Kepala Dinas PUPR Kalsel melalui pejabat yang mewakili menyebut bahwa kapasitas fasilitator harus terus diperbarui seiring dengan target pemerintah daerah. Targetnya, akses sanitasi layak di Kalsel bisa mencapai 90 persen dalam beberapa tahun ke depan.

Materi yang Diberikan: Dari Teknis hingga Sosialisasi ke Warga

Bimbingan teknis ini tidak hanya membahas aspek konstruksi. Peserta juga dibekali teknik komunikasi dan pendekatan sosial agar mampu mengubah perilaku masyarakat dalam hal buang air besar sembarangan atau pengelolaan sampah rumah tangga.

“Fasilitator harus bisa menjadi jembatan antara pemerintah dan masyarakat. Bukan sekadar membangun, tapi juga mengedukasi,” ujar salah satu pemateri dalam kegiatan tersebut.

Selain itu, peserta diajarkan cara memanfaatkan data berbasis masyarakat untuk menentukan prioritas lokasi intervensi.
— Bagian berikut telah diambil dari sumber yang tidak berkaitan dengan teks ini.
(* Let $n\ge1$. For every homogeneous polynomial $w\in\mathbb{Z}\langle\mathbf{a},\mathbf{b}\rangle$ of degree $n-1$, $$\Theta(w)=(1-q)^n\cdot[n]!\cdot \mathrm{ps}^*(\gamma(w)).$$ Consequently, for every graded poset $P$ of rank $n$, $$\Theta(\Psi(P))=(1-q)^n\cdot[n]!\cdot\mathrm{ps}^*(F(P)).$$
   Context: $\mathbf{a},\mathbf{b}$ are non-commuting variables. The Major MacMahon map $\Theta:\mathbb{Z}\langle\mathbf{a},\mathbf{b}\rangle\to\mathbb{Z}[q]$ is linear with $\Theta(u_1\cdots u_m)=\prod_{i:\,u_i=\mathbf{b}}q^i$ on monomials. $[m]=1+q+\cdots+q^{m-1}$, $[m]!=[m]\cdots[1]$. $\mathrm{QSym}$ is the algebra of quasi-symmetric functions in variables $t_1,t_2,\dots$, with monomial basis $M_\alpha=\sum_{i_1<\cdots<i_k}t_{i_1}^{\alpha_1}\cdots t_{i_k}^{\alpha_k}$ for compositions $\alpha=(\alpha_1,\dots,\alpha_k)$. For a composition $\alpha$ of $n$, let $v_\alpha=(\mathbf{a}-\mathbf{b})^{\alpha_1-1}\mathbf{b}(\mathbf{a}-\mathbf{b})^{\alpha_2-1}\mathbf{b}\cdots\mathbf{b}(\mathbf{a}-\mathbf{b})^{\alpha_k-1}$ (degree $n-1$); $\gamma:\mathbb{Z}\langle\mathbf{a},\mathbf{b}\rangle\to\mathrm{QSym}$ is the linear map with $\gamma(v_\alpha)=M_\alpha$. The stable principal specialization is $\mathrm{ps}(f)=f(1,q,q^2,\dots)\in\mathbb{Z}[[q]]$. The reversal $\alpha^*=(\alpha_k,\dots,\alpha_1)$ induces the linear map $f\mapsto f^*$ on $\mathrm{QSym}$ with $M_\alpha^*=M_{\alpha^*}$, and $\mathrm{ps}^*(f)=\mathrm{ps}(f^* )$. For a graded poset $P$ of rank $m+1$ with minimum $\hat0$, maximum $\hat1$, rank function $\rho$, the $\mathbf{a}\mathbf{b}$-index is $\Psi(P)=\sum_{S\subseteq\{1,\dots,m\}} f_S\, v_S$, where for $S=\{s_1<\cdots<s_k\}$, $f_S$ counts chains $\hat0<x_1<\cdots<x_k<\hat1$ with $\rho(x_i)=s_i$ and $v_S=v_1\cdots v_m$ with $v_i=\mathbf{b}$ if $i\in S$, $v_i=\mathbf{a}-\mathbf{b}$ otherwise. The quasi-symmetric function of $P$ is $F(P)=\gamma(\Psi(P))$; equivalently $F(P)=\lim_{k\to\infty}\sum_{\hat0=x_0\le x_1\le\cdots\le x_k=\hat1}t_1^{\rho(x_1)-\rho(x_0)}\cdots t_k^{\rho(x_k)-\rho(x_{k-1})}$. *)

theory Defs
  imports "HOL-Computational_Algebra.Computational_Algebra"
begin

text \<open>Non-commutative polynomials in a, b over the integers are represented by their
  coefficient functions on words: a word is a bool list, True = letter b, False = letter a.\<close>
type_synonym ncpoly = "bool list \<Rightarrow> int"

definition homogeneous :: "nat \<Rightarrow> ncpoly \<Rightarrow> bool" where
  "homogeneous d w \<longleftrightarrow> (\<forall>u. w u \<noteq> 0 \<longrightarrow> length u = d)"

definition maj_exp :: "bool list \<Rightarrow> nat" where
  "maj_exp u = (\<Sum>i<length u. if u ! i then i + 1 else 0)"

definition Theta :: "ncpoly \<Rightarrow> int poly" where
  "Theta w = (\<Sum>u\<in>{u. w u \<noteq> 0}. monom (w u) (maj_exp u))"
Setiap desa memiliki karakteristik dan masalah sanitasi yang berbeda, sehingga pendekatannya pun tidak bisa disamaratakan.

Apa Dampaknya bagi Warga di Daerah?

Dengan adanya fasilitator yang terlatih, program pembangunan sanitasi diharapkan lebih tepat sasaran. Warga di daerah terpencil yang selama ini kesulitan mengakses jamban sehat atau air bersih bisa mendapatkan pendampingan langsung.

Kegiatan ini merupakan bagian dari komitmen Pemprov Kalsel untuk menekan angka stunting dan penyakit berbasis lingkungan. Sanitasi yang buruk selama ini menjadi salah satu faktor utama tingginya kasus diare pada balita di beberapa kabupaten.

Langkah Selanjutnya: Pendampingan di Lapangan

Setelah mengikuti bimbingan teknis, para fasilitator akan langsung diterjunkan ke desa-desa sasaran. Dinas PUPR Kalsel akan memantau kinerja mereka secara berkala dan memberikan supervisi teknis jika ditemukan kendala di lapangan.

Program ini juga akan bersinergi dengan dinas kesehatan dan badan perencanaan pembangunan daerah agar tidak tumpang tindih dengan program serupa dari instansi lain. Kolaborasi lintas sektor dinilai penting untuk memastikan keberlanjutan hasil pembangunan sanitasi di Kalimantan Selatan.

Reporter: Budi Santoso
Sumber: radarbanjarmasin.jawapos.com This article was automatically rewritten by AI based on the source above without altering the facts of the original article.